According to article: Fitbit Sleep Study, 55 minutes are spent awake in bed before going to sleep. We have 13 users in our dataset spend 55 minutes awake before alseep.
sleep_day_in_hour <-sleep_day
sleep_day_in_hour$TotalMinutesAsleep <- sleep_day_in_hour$TotalMinutesAsleep/60
sleep_day_in_hour$TotalTimeInBed <- sleep_day_in_hour$TotalTimeInBed/60
head(sleep_day_in_hour)
## Id SleepDay TotalSleepRecords TotalMinutesAsleep
## 1 1503960366 4/12/2016 12:00:00 AM 1 5.450000
## 2 1503960366 4/13/2016 12:00:00 AM 2 6.400000
## 3 1503960366 4/15/2016 12:00:00 AM 1 6.866667
## 4 1503960366 4/16/2016 12:00:00 AM 2 5.666667
## 5 1503960366 4/17/2016 12:00:00 AM 1 11.666667
## 6 1503960366 4/19/2016 12:00:00 AM 1 5.066667
## TotalTimeInBed
## 1 5.766667
## 2 6.783333
## 3 7.366667
## 4 6.116667
## 5 11.866667
## 6 5.333333
13 users spend more than 55 minutes in bed before falling asleep :
awake_in_bed <- mutate(sleep_day, AwakeTime = TotalTimeInBed - TotalMinutesAsleep)

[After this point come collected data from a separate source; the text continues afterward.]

(* Let $n\ge 2$ be an integer and let $f_n(t)=\dfrac{t^{n-1}}{(1-e^{-t})^2}$ for $t>0$. Then for every $a>0$, $$I_1(a;n):=\int_0^1\bigl[(2n-3)x^2-1\bigr]\,f_n\bigl(a(1+x)\bigr)\,f_n\bigl(a(1-x)\bigr)\,dx<0 .$$ *)

theory Defs
  imports "HOL-Analysis.Analysis"
begin

definition fn_aux :: "nat \<Rightarrow> real \<Rightarrow> real" where
  "fn_aux n t = t ^ (n - 1) / (1 - exp (- t))\<^sup>2"

definition I1 :: "real \<Rightarrow> nat \<Rightarrow> real" where
  "I1 a n = integral {0..1}
     (\<lambda>x. ((2 * real n - 3) * x\<^sup>2 - 1) * fn_aux n (a * (1 + x)) * fn_aux n (a * (1 - x)))"

end

theory Submission
  imports Defs "HOL-Real_Asymp.Real_Asymp"
begin

(* Write q(t) = t / (1 - exp (-t)), so that f_n(t) = q(t)^2 t^(n-3).  With m = n - 2,
   h(x) = x (1 - x^2)^m and W(x) = (q(a(1+x)) q(a(1-x)))^2 the integrand equals
   -a^(2m-2) h'(x) W(x).  Integrating by parts, the integral of h' W over [0,1] is
   h(1) W(1) minus the integral of h W'.  Now h > 0 on (0,1), and W is strictly decreasing there
   because q is strictly log-concave on (0,oo): (log q)'(t) = 1/t - 1/(exp t - 1) has derivative
   1/(2 sinh(t/2))^2 - 1/t^2 < 0, since sinh s > s for s > 0. *)

lemma real_less_sinh: "0 < (x::real) \<Longrightarrow> x < sinh x"
proof -
  assume "0 < x"
  have "sinh 0 - 0 < sinh x - x"
  proof (rule DERIV_pos_imp_increasing_open[OF \<open>0 < x\<close>])
    fix y :: real assume "0 < y"
    then have "cosh y - 1 > 0" using cosh_real_ge_1[of y] cosh_real_one_iff[of y] by linarith
    then show "\<exists>d. ((\<lambda>t. sinh t - t) has_real_derivative d) (at y) \<and> 0 < d"
      by (auto intro!: derivative_eq_intros)
  qed (intro continuous_intros)
  then show ?thesis by simp
qed

lemma has_integral_neg_strict:
  fixes g :: "real \<Rightarrow> real"
  assumes "(g has_integral I) {a..b}" "a < c" "c \<le> b" "continuous_on {a..c} g"
    and "\<And>x. x \<in> {a<..<b} \<Longrightarrow> g x < 0"
  shows "I < 0"
proof -
  have int: "g integrable_on {a..b}" using assms(1) by blast
  have "integral {a..c} g < integral {a..c} (\<lambda>_. 0)"
    by (rule integral_less_real) (use assms in auto)
  moreover have "integral {c<..<b} g \<le> integral {c<..<b} (\<lambda>_. 0)"
  proof (rule integral_le)
    show "g integrable_on {c<..<b}"
      using integrable_subinterval_real[OF int] assms
    by (simp add: integrable_on_open_interval_real)
  qed (use assms integrable_0 in \<open>auto intro: less_imp_le\<close>)
  moreover have "integral {a..c} g + integral {c..b} g = I"
    using Henstock_Kurzweil_Integration.integral_combine[OF _ _ int] assms integral_unique by auto
  ultimately show ?thesis by (simp flip: integral_open_interval_real)
qed

(* The exponential generating function of the Bernoulli numbers with B_1 = 1/2;
   its singularity at 0 is removable. *)
definition bernoulli_egf :: "real \<Rightarrow> real" where
  "bernoulli_egf t = (if t = 0 then 1 else t / (1 - exp (- t)))"

definition bernoulli_egf_logderiv :: "real \<Rightarrow> real" where
  "bernoulli_egf_logderiv t = 1 / t - exp (- t) / (1 - exp (- t))"

lemma bernoulli_egf_pos: "bernoulli_egf t > 0"
proof (cases t "0::real" rule: linorder_cases)
  case less
  then have "1 - exp (- t) < 0" by simp
  with less show ?thesis by (simp add: bernoulli_egf_def divide_neg_neg)
qed (simp_all add: bernoulli_egf_def)

lemma fn_aux_eq_bernoulli_egf: "fn_aux n t = (bernoulli_egf t)\<^sup>2 * t ^ (n - 1) / t\<^sup>2"
  by (cases "t = 0") (simp_all add: fn_aux_def bernoulli_egf_def power_divide)

lemma has_real_derivative_bernoulli_egf:
  assumes "t \<noteq> 0"
  shows "(bernoulli_egf has_real_derivative bernoulli_egf t * bernoulli_egf_logderiv t) (at t)"
proof -
  define D where "D = ((1 - exp (- t)) - t * exp (- t)) / (1 - exp (- t))\<^sup>2"
  have denom: "1 - exp (- t) \<noteq> 0" using assms by simp
  then have "((\<lambda>t. t / (1 - exp (- t))) has_real_derivative D) (at t)"
    unfolding D_def by (auto intro!: derivative_eq_intros simp: power2_eq_square field_simps)
  then have "(bernoulli_egf has_real_derivative D) (at t)"
    by (rule has_field_derivative_transform_within_open[of _ _ _ "- {0}"])
      (use assms in \<open>auto simp: bernoulli_egf_def\<close>)
  moreover have "bernoulli_egf t * bernoulli_egf_logderiv t = D"
  proof -
    have "t / c * (1 / t - e / c) = (c - t * e) / c\<^sup>2" if "c \<noteq> 0" for c e :: real
      using that assms by (simp add: field_simps power2_eq_square)
    then show ?thesis
      using assms denom by (simp add: D_def bernoulli_egf_def bernoulli_egf_logderiv_def)
  qed
  ultimately show ?thesis by simp
qed

lemma isCont_bernoulli_egf: "isCont bernoulli_egf t"
proof (cases "t = 0")
  case True
  have "((\<lambda>t::real. t / (1 - exp (- t))) \<longlongrightarrow> 1) (at 0)" by real_asymp
  then have "(bernoulli_egf \<longlongrightarrow> 1) (at 0)"
    by (rule Lim_transform_eventually) (auto simp: bernoulli_egf_def eventually_at_filter)
  with True show ?thesis by (simp add: isCont_def bernoulli_egf_def)
next
  case False
  then show ?thesis using has_real_derivative_bernoulli_egf DERIV_isCont by blast
qed

lemma continuous_on_bernoulli_egf [continuous_intros]:
  "continuous_on S f \<Longrightarrow> continuous_on S (\<lambda>x. bernoulli_egf (f x))"
  using continuous_on_compose2[of UNIV bernoulli_egf S f] isCont_bernoulli_egf
  by (auto intro: continuous_at_imp_continuous_on)

lemma continuous_on_bernoulli_egf_logderiv [continuous_intros]:
  assumes "continuous_on S f" "\<And>x. x \<in> S \<Longrightarrow> f x \<noteq> 0"
  shows "continuous_on S (\<lambda>x. bernoulli_egf_logderiv (f x))"
  unfolding bernoulli_egf_logderiv_def using assms by (intro continuous_intros) auto

lemma has_real_derivative_bernoulli_egf_logderiv:
  assumes "t \<noteq> 0"
  shows "(bernoulli_egf_logderiv has_real_derivative 1 / (2 * sinh (t / 2))\<^sup>2 - 1 / t\<^sup>2) (at t)"
proof -
  have "1 - exp (- t) \<noteq> 0" using assms by simp
  then have "(bernoulli_egf_logderiv has_real_derivative
      exp (- t) / (1 - exp (- t))\<^sup>2 - 1 / t\<^sup>2) (at t)"
    unfolding bernoulli_egf_logderiv_def [abs_def] using assms
    by (auto intro!: derivative_eq_intros simp: power2_eq_square field_simps)
  moreover have "exp (- t) / (1 - exp (- t))\<^sup>2 = 1 / (2 * sinh (t / 2))\<^sup>2"
  proof -
    have "1 - exp (- t) = exp (- (t / 2)) * (2 * sinh (t / 2))"
      by (simp add: sinh_field_def algebra_simps flip: exp_add)
    moreover have "exp (- t) = (exp (- (t / 2)))\<^sup>2"
      by (simp add: power2_eq_square flip: exp_add)
    ultimately show ?thesis by (simp add: power_mult_distrib)
  qed
  ultimately show ?thesis by simp
qed

lemma bernoulli_egf_logderiv_strict_decreasing:
  assumes "0 < s" "s < t"
  shows "bernoulli_egf_logderiv t < bernoulli_egf_logderiv s"
proof (rule DERIV_neg_imp_decreasing_open[OF assms(2)])
  fix u assume "s < u" "u < t"
  then have "0 < u" using assms by linarith
  then have "u / 2 < sinh (u / 2)" using real_less_sinh[of "u / 2"] by simp
  then have "u\<^sup>2 < (2 * sinh (u / 2))\<^sup>2" using \<open>0 < u\<close> by (intro power_strict_mono) auto
  then have "1 / (2 * sinh (u / 2))\<^sup>2 - 1 / u\<^sup>2 < 0"
    using \<open>0 < u\<close> by (simp add: frac_less2)
  then show "\<exists>d. (bernoulli_egf_logderiv has_real_derivative d) (at u) \<and> d < 0"
    using has_real_derivative_bernoulli_egf_logderiv \<open>0 < u\<close> by (metis less_irrefl)
next
  show "continuous_on {s..t} bernoulli_egf_logderiv"
    using assms
    by (intro continuous_on_bernoulli_egf_logderiv[of _ id, simplified] continuous_on_id) auto
qed

definition kernel_primitive :: "nat \<Rightarrow> real \<Rightarrow> real" where
  "kernel_primitive m x = x * (1 - x\<^sup>2) ^ m"

definition kernel_primitive_deriv :: "nat \<Rightarrow> real \<Rightarrow> real" where
  "kernel_primitive_deriv m x = (1 - x\<^sup>2) ^ m - 2 * real m * x\<^sup>2 * (1 - x\<^sup>2) ^ (m - 1)"

lemma has_real_derivative_kernel_primitive:
  "(kernel_primitive m has_real_derivative kernel_primitive_deriv m x) (at x)"
  unfolding kernel_primitive_def [abs_def] kernel_primitive_deriv_def
  by (auto intro!: derivative_eq_intros simp: power2_eq_square algebra_simps)

lemma kernel_primitive_deriv_eq:
  "(1 - x\<^sup>2)\<^sup>2 * kernel_primitive_deriv m x
     = (1 - (2 * real m + 1) * x\<^sup>2) * (1 - x\<^sup>2) ^ (m + 1)"
  by (cases m) (simp_all add: kernel_primitive_deriv_def power2_eq_square algebra_simps)

lemma kernel_primitive_pos: "0 < x \<Longrightarrow> x < 1 \<Longrightarrow> 0 < kernel_primitive m x"
  unfolding kernel_primitive_def by (simp add: power_less_one_iff abs_square_less_1)

lemma kernel_primitive_nonneg: "0 \<le> x \<Longrightarrow> x \<le> 1 \<Longrightarrow> 0 \<le> kernel_primitive m x"
  unfolding kernel_primitive_def by (simp add: abs_square_le_1)

definition sym_weight :: "real \<Rightarrow> real \<Rightarrow> real" where
  "sym_weight a x = (bernoulli_egf (a * (1 + x)) * bernoulli_egf (a * (1 - x)))\<^sup>2"

definition sym_weight_deriv :: "real \<Rightarrow> real \<Rightarrow> real" where
  "sym_weight_deriv a x =
     2 * a * sym_weight a x *
       (bernoulli_egf_logderiv (a * (1 + x)) - bernoulli_egf_logderiv (a * (1 - x)))"

lemma has_real_derivative_sym_weight:
  assumes "a * (1 + x) \<noteq> 0" "a * (1 - x) \<noteq> 0"
  shows "(sym_weight a has_real_derivative sym_weight_deriv a x) (at x)"
proof -
  have plus: "((\<lambda>x. bernoulli_egf (a * (1 + x))) has_real_derivative
      bernoulli_egf (a * (1 + x)) * bernoulli_egf_logderiv (a * (1 + x)) * a) (at x)"
    by (rule DERIV_chain2[of _ _ "\<lambda>x. a * (1 + x)",
          OF has_real_derivative_bernoulli_egf[OF assms(1)]])
      (auto intro!: derivative_eq_intros)
  have minus: "((\<lambda>x. bernoulli_egf (a * (1 - x))) has_real_derivative
      bernoulli_egf (a * (1 - x)) * bernoulli_egf_logderiv (a * (1 - x)) * (- a)) (at x)"
    by (rule DERIV_chain2[of _ _ "\<lambda>x. a * (1 - x)",
          OF has_real_derivative_bernoulli_egf[OF assms(2)]])
      (auto intro!: derivative_eq_intros)
  show ?thesis
    using DERIV_power[OF DERIV_mult[OF plus minus], of 2]
    unfolding sym_weight_def [abs_def] sym_weight_deriv_def
    by (simp add: power2_eq_square algebra_simps)
qed

lemma sym_weight_deriv_neg:
  assumes "0 < a" "0 < x" "x < 1"
  shows "sym_weight_deriv a x < 0"
proof -
  have "bernoulli_egf_logderiv (a * (1 + x)) < bernoulli_egf_logderiv (a * (1 - x))"
    using assms by (intro bernoulli_egf_logderiv_strict_decreasing) auto
  moreover have "sym_weight a x > 0"
    unfolding sym_weight_def by (intro zero_less_power mult_pos_pos bernoulli_egf_pos)
  ultimately show ?thesis
    unfolding sym_weight_deriv_def using assms by (simp add: mult_pos_neg)
qed

lemma sym_weight_kernel_integral_pos:
  assumes "0 < a"
  shows "integral {0..1} (\<lambda>x. sym_weight a x * kernel_primitive_deriv m x) > 0"
proof -
  define J where "J = integral {0..1} (\<lambda>x. sym_weight a x * kernel_primitive_deriv m x)"
  have cont: "continuous_on {0..1} (sym_weight a)"
    unfolding sym_weight_def [abs_def] by (intro continuous_intros)
  have integral_J: "((\<lambda>x. sym_weight a x * kernel_primitive_deriv m x) has_integral J) {0..1}"
    unfolding J_def
  proof (intro integrable_integral integrable_continuous_interval)
    show "continuous_on {0..1} (\<lambda>x. sym_weight a x * kernel_primitive_deriv m x)"
      unfolding kernel_primitive_deriv_def by (intro continuous_intros cont)
  qed
  have by_parts: "((\<lambda>x. sym_weight_deriv a x * kernel_primitive m x) has_integral
                   sym_weight a 1 * kernel_primitive m 1 - J) {0..1}"
  proof (rule integration_by_parts_interior[OF bounded_bilinear_mult,
        where f = "sym_weight a" and g' = "kernel_primitive_deriv m"])
    show "continuous_on {0..1} (kernel_primitive m)"
      unfolding kernel_primitive_def [abs_def] by (intro continuous_intros)
  next
    fix x :: real assume "x \<in> {0<..<1}"
    with assms show "(sym_weight a has_vector_derivative sym_weight_deriv a x) (at x)"
      by (simp add: has_real_derivative_sym_weight
          flip: has_real_derivative_iff_has_vector_derivative)
  next
    fix x :: real
    show "(kernel_primitive m has_vector_derivative kernel_primitive_deriv m x) (at x)"
      by (simp add: has_real_derivative_kernel_primitive
          flip: has_real_derivative_iff_has_vector_derivative)
  qed (use cont integral_J in \<open>simp_all add: kernel_primitive_def\<close>)
  (* Continuity is only claimed up to 1/2: at x = 1 the formula for sym_weight_deriv evaluates
     bernoulli_egf_logderiv at 0, a junk value. *)
  have "sym_weight a 1 * kernel_primitive m 1 - J < 0"
  proof (rule has_integral_neg_strict[OF by_parts, of "1 / 2"])
    show "continuous_on {0..1 / 2} (\<lambda>x. sym_weight_deriv a x * kernel_primitive m x)"
      unfolding sym_weight_deriv_def sym_weight_def kernel_primitive_def using assms
      by (intro continuous_intros) auto
  next
    fix x :: real assume "x \<in> {0<..<1}"
    then show "sym_weight_deriv a x * kernel_primitive m x < 0"
      using assms sym_weight_deriv_neg kernel_primitive_pos by (simp add: mult_neg_pos)
  qed simp_all
  moreover have "sym_weight a 1 * kernel_primitive m 1 \<ge> 0"
    unfolding sym_weight_def using kernel_primitive_nonneg by simp
  ultimately show ?thesis unfolding J_def by linarith
qed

awake_in_bed <- awake_in_bed %>%
filter(AwakeTime >= 55) %>%
group_by(Id) %>%
arrange(AwakeTime, desc=TRUE)
n_distinct(awake_in_bed$Id)
## [1] 13
Majority of the users sleep between 5 to 10 hours burns around 1500 to 4500 calories a day.
🎨 Bellabeat Data Presentation in Tableau
Conclusion based on our analysis:
Sedentary make up a significant portion, 81% of users daily active minutes. Users spend on avg 12 hours a day in sedentary minutes, 4 hours lightly active, and only half-hour in fairly+very active! We see the most change on Saturday: users take more steps, burn more calories, and spend less time sedentary. Sunday is the most “lazy” day for users. 54% of the users who recorded their sleep data spent 55 minutes awake in bed before falling asleep. Users takes the most steps from 5 PM to 7 PM Users who are sedentary take minimal steps and burn 1500 to 2500 calories compared to users who are more active, take more steps, but still burn similar calories. Marketing recommendations to expand globally:
🔢 Obtain more data for an accurate analysis, encouraging users to use a wifi-connected scale instead of manual weight entries.
🚲 Educational healthy style campaign encourages users to have short active exercises during the week, longer during the weekends, especially on Sunday where we see the lowest steps and most sedentary minutes.
🎁 Educational healthy style campaign can pair with a point-award incentive system. Users completing the whole week’s exercise will receive Bellabeat points on products/memberships.
🏃♂️ The product, such as Leaf wellness tracker, can beat or vibrate after a prolonged period of sedentary minutes, signaling the user it’s time to get active! Similarly, it can also remind the user it’s time to sleep after sensing a prolonged awake time in bed.